Items listed in a dataset:
------------------------------------------------------------

lemma code_automorphism_coord_perm:
  fixes C :: "(bit ^ 'n) set" and B :: "bit ^ 'n \<Rightarrow> bit ^ 'n"
  assumes code: "linear_constant_weight_code C w"
    and B_closed: "\<And>v. v \<in> C \<Longrightarrow> B v \<in> C"
    and B_additive: "\<And>u v. u \<in> C \<Longrightarrow> v \<in> C \<Longrightarrow> B (u + v) = B u + B v"
    and B_periodic: "\<And>v. v \<in> C \<Longrightarrow> (B ^^ k) v = v" and "k > 0"
  obtains \<sigma> where "\<sigma> ^^ k = id" and "\<And>v i. v \<in> C \<Longrightarrow> v $ \<sigma> i = B v $ i"
proof -
  let ?S = "code_support C"
  define \<tau> where "\<tau> \<psi> = restrict (\<lambda>v. \<psi> (B v)) C" for \<psi> :: "bit ^ 'n \<Rightarrow> bit"
  have B_coord_additive: "B (u + v) $ i = B u $ i + B v $ i" if "u \<in> C" "v \<in> C" for u v i
    by (simp only: B_additive[OF that] vector_add_component)
  have B_coord: "\<exists>u\<in>C. B u $ i = 1" if i: "i \<in> ?S" for i
  proof -
    obtain v where "v \<in> C" "v $ i = 1"
      using i by (auto simp: code_support_def)
    moreover have "v \<in> B ` C"
      using \<open>v \<in> C\<close> periodic_map_image_eq[OF B_closed B_periodic \<open>k > 0\<close>] by simp
    ultimately show ?thesis
      by auto
  qed
  have card_fiber: "card {l \<in> ?S. coord_fun C l = coord_fun C i} = 2 * w - card ?S"
    if i: "i \<in> ?S" for i
  proof -
    obtain u where u: "u \<in> C" "u $ i = 1"
      using i by (auto simp: code_support_def)
    show ?thesis
      using coord_fun_fiber[where \<phi> = "\<lambda>v. v $ i", OF u]
        card_coord_class[where \<phi> = "\<lambda>v. v $ i", OF code vector_add_component u]
      by (simp add: coord_fun_def)
  qed
  have \<tau>_coord_fun: "\<tau> (coord_fun C i) = restrict (\<lambda>v. B v $ i) C" for i
    by (auto simp: \<tau>_def coord_fun_def B_closed intro: restrict_ext)
  obtain \<sigma> where \<sigma>: "\<And>i. i \<in> ?S \<Longrightarrow> \<sigma> i \<in> ?S \<and> coord_fun C (\<sigma> i) = \<tau> (coord_fun C i)"
    "\<And>i. i \<notin> ?S \<Longrightarrow> \<sigma> i = i" "\<sigma> ^^ k = id"
  proof (rule lift_label_map_to_perm[of ?S "coord_fun C" \<tau> k])
    show "card {l \<in> ?S. coord_fun C l = coord_fun C i} = card {l \<in> ?S. coord_fun C l = coord_fun C j}"
      if "i \<in> ?S" "j \<in> ?S" for i j
      using card_fiber that by simp
    show "\<exists>j\<in>?S. coord_fun C j = \<tau> (coord_fun C i)" if i: "i \<in> ?S" for i
    proof -
      obtain u where u: "u \<in> C" "B u $ i = 1"
        using B_coord[OF i] by blast
      have "coord_class C (\<lambda>v. B v $ i) \<noteq> {}"
        by (rule coord_class_nonempty[where \<phi> = "\<lambda>v. B v $ i", OF code _ u])
          (simp add: B_coord_additive)
      then obtain j where "j \<in> coord_class C (\<lambda>v. B v $ i)"
        by blast
      then have "j \<in> ?S" "coord_fun C j = restrict (\<lambda>v. B v $ i) C"
        using coord_fun_fiber[where \<phi> = "\<lambda>v. B v $ i", OF u] by blast+
      then show ?thesis
        using \<tau>_coord_fun[of i] by auto
    qed
    show "(\<tau> ^^ k) (coord_fun C i) = coord_fun C i" for i
      using funpow_restrict_pullback[where n = k and g = "\<lambda>v. v $ i", OF B_closed]
      by (auto simp: \<tau>_def [abs_def] coord_fun_def B_periodic intro: restrict_ext)
  qed auto
  show ?thesis
  proof
    show "\<sigma> ^^ k = id"
      using \<sigma>(3) .
    show "v $ \<sigma> i = B v $ i" if v: "v \<in> C" for v i
    proof (cases "i \<in> ?S")
      case True
      then have "coord_fun C (\<sigma> i) v = restrict (\<lambda>v. B v $ i) C v"
        using \<sigma>(1) \<tau>_coord_fun by simp
      then show ?thesis
        using v by (simp add: coord_fun_def)
    next
      case False
      then show ?thesis
        using v B_closed[OF v] \<sigma>(2) by (auto simp: code_support_def)
    qed
  qed
qed
(* Let $$R=\begin{pmatrix} 1 & -2 \\ 1 & 1 \end{pmatrix}.$$ There exists a driving function $f:[0,\infty)\to\mathbb{R}^2$ for which the Skorokhod problem with matrix $R$ has two distinct solutions $(g,m)$ and $(\overline g,\overline m)$ with $g\neq \overline g$; that is, both satisfy $g(t)=f(t)+Rm(t)$ and $\overline g(t)=f(t)+R\overline m(t)$ for all $t\ge 0$ together with the other conditions of the Skorokhod problem.
   Context: For $b=(b_1,b_2)\in\mathbb{R}^2$ write $b\ge 0$ if $b_1\ge 0$ and $b_2\ge 0$, and let $D=\{b\in\mathbb{R}^2: b\ge 0\}$. A driving function is a continuous function $f:[0,\infty)\to\mathbb{R}^2$ with $f(0)\ge 0$. Given a real $2\times 2$ matrix $R$ and a driving function $f$, a solution of the Skorokhod problem is a pair $(g,m)$ where (1) $g:[0,\infty)\to D$ is continuous; (2) $m=(m_1,m_2):[0,\infty)\to\mathbb{R}^2$ is continuous with $m(0)=0$ and each $m_j$ non-decreasing; (3) $g(t)=f(t)+Rm(t)$ for all $t\ge 0$ (the Skorokhod equation); and (4) for $j=1,2$, $m_j$ increases only when $g_j=0$, i.e. $\int_0^\infty g_j(t)\,dm_j(t)=0$. *)

theory Defs
  imports "HOL-Analysis.Analysis"
begin

text \<open>Vectors in R^2 are elements of type real^2, components indexed by 1 and 2.
  Functions on [0,oo) are total functions real => real^2 of which only the
  restriction to {0..} matters.\<close>

definition nonneg2 :: "real^2 \<Rightarrow> bool" where
  "nonneg2 b \<longleftrightarrow> b$1 \<ge> 0 \<and> b$2 \<ge> 0"

definition driving_function :: "(real \<Rightarrow> real^2) \<Rightarrow> bool" where
  "driving_function f \<longleftrightarrow> continuous_on {0..} f \<and> nonneg2 (f 0)"

text \<open>Condition (4): the Lebesgue--Stieltjes integral of g_j with respect to dm_j over
  [0,oo) vanishes. The Stieltjes measure of m_j is the interval measure of the
  non-decreasing continuous function t \<mapsto> m_j(max 0 t) (constant on (-oo,0]).\<close>

definition skorokhod_solution ::
  "real^2^2 \<Rightarrow> (real \<Rightarrow> real^2) \<Rightarrow> (real \<Rightarrow> real^2) \<Rightarrow> (real \<Rightarrow> real^2) \<Rightarrow> bool" where
  "skorokhod_solution R f g m \<longleftrightarrow>
     continuous_on {0..} g \<and> (\<forall>t\<ge>0. nonneg2 (g t)) \<and>
     continuous_on {0..} m \<and> m 0 = 0 \<and>
     (\<forall>j. mono_on {0..} (\<lambda>t. m t $ j)) \<and>
     (\<forall>t\<ge>0. g t = f t + R *v m t) \<and>
     (\<forall>j. (\<integral>\<^sup>+ t. ennreal (g t $ j) * indicator {0..} t
              \<partial>interval_measure (\<lambda>t. m (max 0 t) $ j)) = 0)"

definition R_ex :: "real^2^2" where
  "R_ex = vector [vector [1, -2], vector [1, 1]]"

end

theory Submission
  imports Defs
begin
lemma prob_geo_dominated_le:
  assumes bm: "bm_on M \<sigma> (-e) e Y" and \<sigma>: "\<sigma> > 0" and e: "e > 0" and m: "m \<ge> 2"
  shows "measure M {\<omega>\<in>space M. \<forall>i\<le>n. Y 0 \<omega> - Y (geo_grid e m i) \<omega> \<le> v i}
     \<le> domination_bound \<sigma> e m n v"
proof -
  interpret prob_space M using bm_on_prob_space[OF bm] .
  have m1: "1 \<le> m" using m by simp
  note [measurable] = bm_on_geo_grid_measurable[OF bm e m1]
  define c where "c i = grid_scale \<sigma> e m i" for i
  define inc where "inc i \<omega> = Y (geo_grid e m (Suc i)) \<omega> - Y (geo_grid e m i) \<omega>" for i \<omega>
  define I where "I = {\<omega>\<in>space M. \<forall>i<n. inc i \<omega> \<le> v i - v (Suc i) + c i}"
  define U where "U i = {\<omega>\<in>space M. Y 0 \<omega> - Y (geo_grid e m (Suc i)) \<omega> < v (Suc i) - c i}" for i
  have sI: "I \<in> sets M" unfolding I_def inc_def by measurable
  have sU: "U i \<in> sets M" for i unfolding U_def by measurable
  have "{\<omega>\<in>space M. \<forall>i\<le>n. Y 0 \<omega> - Y (geo_grid e m i) \<omega> \<le> v i} \<subseteq> I \<union> (\<Union>i<n. U i)"
  proof
    fix \<omega> assume \<omega>: "\<omega> \<in> {\<omega>\<in>space M. \<forall>i\<le>n. Y 0 \<omega> - Y (geo_grid e m i) \<omega> \<le> v i}"
    show "\<omega> \<in> I \<union> (\<Union>i<n. U i)"
    proof (cases "\<omega> \<in> (\<Union>i<n. U i)")
      case False
      have "inc i \<omega> \<le> v i - v (Suc i) + c i" if "i < n" for i
      proof -
        have "\<omega> \<notin> U i" using False that by blast
        then have "Y 0 \<omega> - Y (geo_grid e m (Suc i)) \<omega> \<ge> v (Suc i) - c i"
          using \<omega> by (simp add: U_def not_less)
        moreover have "Y 0 \<omega> - Y (geo_grid e m i) \<omega> \<le> v i" using \<omega> that by auto
        ultimately show ?thesis by (simp add: inc_def)
      qed
      then show ?thesis using \<omega> by (auto simp: I_def)
    qed simp
  qed
  then have "measure M {\<omega>\<in>space M. \<forall>i\<le>n. Y 0 \<omega> - Y (geo_grid e m i) \<omega> \<le> v i}
      \<le> measure M (I \<union> (\<Union>i<n. U i))"
    using sI sU by (intro finite_measure_mono) auto
  also have "\<dots> \<le> measure M I + measure M (\<Union>i<n. U i)"
    using sI sU by (intro measure_subadditive) auto
  finally have "measure M {\<omega>\<in>space M. \<forall>i\<le>n. Y 0 \<omega> - Y (geo_grid e m i) \<omega> \<le> v i}
      \<le> measure M I + measure M (\<Union>i<n. U i)" .
  moreover have "measure M (\<Union>i<n. U i) \<le> (\<Sum>i<n. measure M (U i))"
    using sU by (intro finite_measure_subadditive_finite) auto
  moreover have "measure M I = (\<Prod>i<n. measure M {\<omega>\<in>space M. inc i \<omega> \<le> v i - v (Suc i) + c i})"
    unfolding I_def inc_def by (rule prob_indep_vars_all_le[OF bm_on_geo_increments_indep[OF bm e m]])
  moreover have "\<dots> \<le> (\<Prod>i<n. tail_factor \<sigma> e m i (v i - v (Suc i)))"
    unfolding inc_def c_def using prob_geo_increment_le_tail_factor[OF bm \<sigma> e m]
    by (intro prod_mono) auto
  moreover have "(\<Sum>i<n. measure M (U i)) \<le> (\<Sum>i<n. 16/m + (if v (Suc i) > grid_scale \<sigma> e m i / 2 then 1 else 0))"
    unfolding U_def c_def using prob_geo_level_miss_le[OF bm \<sigma> e m] by (intro sum_mono) auto
  ultimately show ?thesis unfolding domination_bound_def by linarith
qed

lemma emeasure_geo_dominated_le:
  assumes bm: "bm_on M \<sigma> (-e) e Y" and \<sigma>: "\<sigma> > 0" and e: "e > 0" and m: "m \<ge> 2"
    and le: "\<And>i. i \<le> n \<Longrightarrow> x i \<le> v i"
  shows "emeasure M {\<omega>\<in>space M. \<forall>i\<le>n. Y 0 \<omega> - Y (geo_grid e m i) \<omega> \<le> x i}
    \<le> domination_bound \<sigma> e m n v"
proof -
  interpret prob_space M using bm_on_prob_space[OF bm] .
  have m1: "1 \<le> m" using m by simp
  note [measurable] = bm_on_geo_grid_measurable[OF bm e m1]
  have "{\<omega>\<in>space M. \<forall>i\<le>n. Y 0 \<omega> - Y (geo_grid e m i) \<omega> \<le> x i}
      \<subseteq> {\<omega>\<in>space M. \<forall>i\<le>n. Y 0 \<omega> - Y (geo_grid e m i) \<omega> \<le> v i}"
    using le by (auto intro: order.trans)
  then have "emeasure M {\<omega>\<in>space M. \<forall>i\<le>n. Y 0 \<omega> - Y (geo_grid e m i) \<omega> \<le> x i}
      \<le> emeasure M {\<omega>\<in>space M. \<forall>i\<le>n. Y 0 \<omega> - Y (geo_grid e m i) \<omega> \<le> v i}"
    by (intro emeasure_mono) measurable
  also have "\<dots> \<le> domination_bound \<sigma> e m n v"
    unfolding emeasure_eq_measure by (intro ennreal_leI prob_geo_dominated_le[OF bm \<sigma> e m])
  finally show ?thesis .
qed

lemma integral_one_minus_quarter_indicator:
  assumes "prob_space N" "S \<in> sets N"
  shows "(\<integral>\<omega>. 1 - 1/4 * indicator S \<omega> \<partial>N) = (1 - 1/4 * measure N S :: real)"
    "integrable N (\<lambda>\<omega>. 1 - 1/4 * indicator S \<omega> :: real)"
proof -
  interpret prob_space N by fact
  have i1: "integrable N (\<lambda>\<omega>. 1::real)" by simp
  have i2: "integrable N (\<lambda>\<omega>. 1/4 * indicator S \<omega> :: real)" using assms(2)
    by (intro integrable_mult_right integrable_real_indicator) (auto simp: emeasure_eq_measure)
  show "integrable N (\<lambda>\<omega>. 1 - 1/4 * indicator S \<omega> :: real)" using i1 i2 by (rule Bochner_Integration.integrable_diff)
  have "(\<integral>\<omega>. 1 - 1/4 * indicator S \<omega> \<partial>N) = (\<integral>\<omega>. 1 \<partial>N) - (\<integral>\<omega>. 1/4 * indicator S \<omega> \<partial>N :: real)"
    using i1 i2 by (rule Bochner_Integration.integral_diff)
  also have "\<dots> = 1 - 1/4 * measure N S" using assms(2) by (simp add: prob_space)
  finally show "(\<integral>\<omega>. 1 - 1/4 * indicator S \<omega> \<partial>N) = (1 - 1/4 * measure N S :: real)" .
qed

------------------------------------------------------------

* **Activity**
Please write out exactly the lines from the start of the data through the line that contains "by (simp only: B_additive[OF", both ends included, and nothing else.

* **Solution to the problem**
lemma code_automorphism_coord_perm:
  fixes C :: "(bit ^ 'n) set" and B :: "bit ^ 'n \<Rightarrow> bit ^ 'n"
  assumes code: "linear_constant_weight_code C w"
    and B_closed: "\<And>v. v \<in> C \<Longrightarrow> B v \<in> C"
    and B_additive: "\<And>u v. u \<in> C \<Longrightarrow> v \<in> C \<Longrightarrow> B (u + v) = B u + B v"
    and B_periodic: "\<And>v. v \<in> C \<Longrightarrow> (B ^^ k) v = v" and "k > 0"
  obtains \<sigma> where "\<sigma> ^^ k = id" and "\<And>v i. v \<in> C \<Longrightarrow> v $ \<sigma> i = B v $ i"
proof -
  let ?S = "code_support C"
  define \<tau> where "\<tau> \<psi> = restrict (\<lambda>v. \<psi> (B v)) C" for \<psi> :: "bit ^ 'n \<Rightarrow> bit"
  have B_coord_additive: "B (u + v) $ i = B u $ i + B v $ i" if "u \<in> C" "v \<in> C" for u v i
    by (simp only: B_additive[OF that] vector_add_component)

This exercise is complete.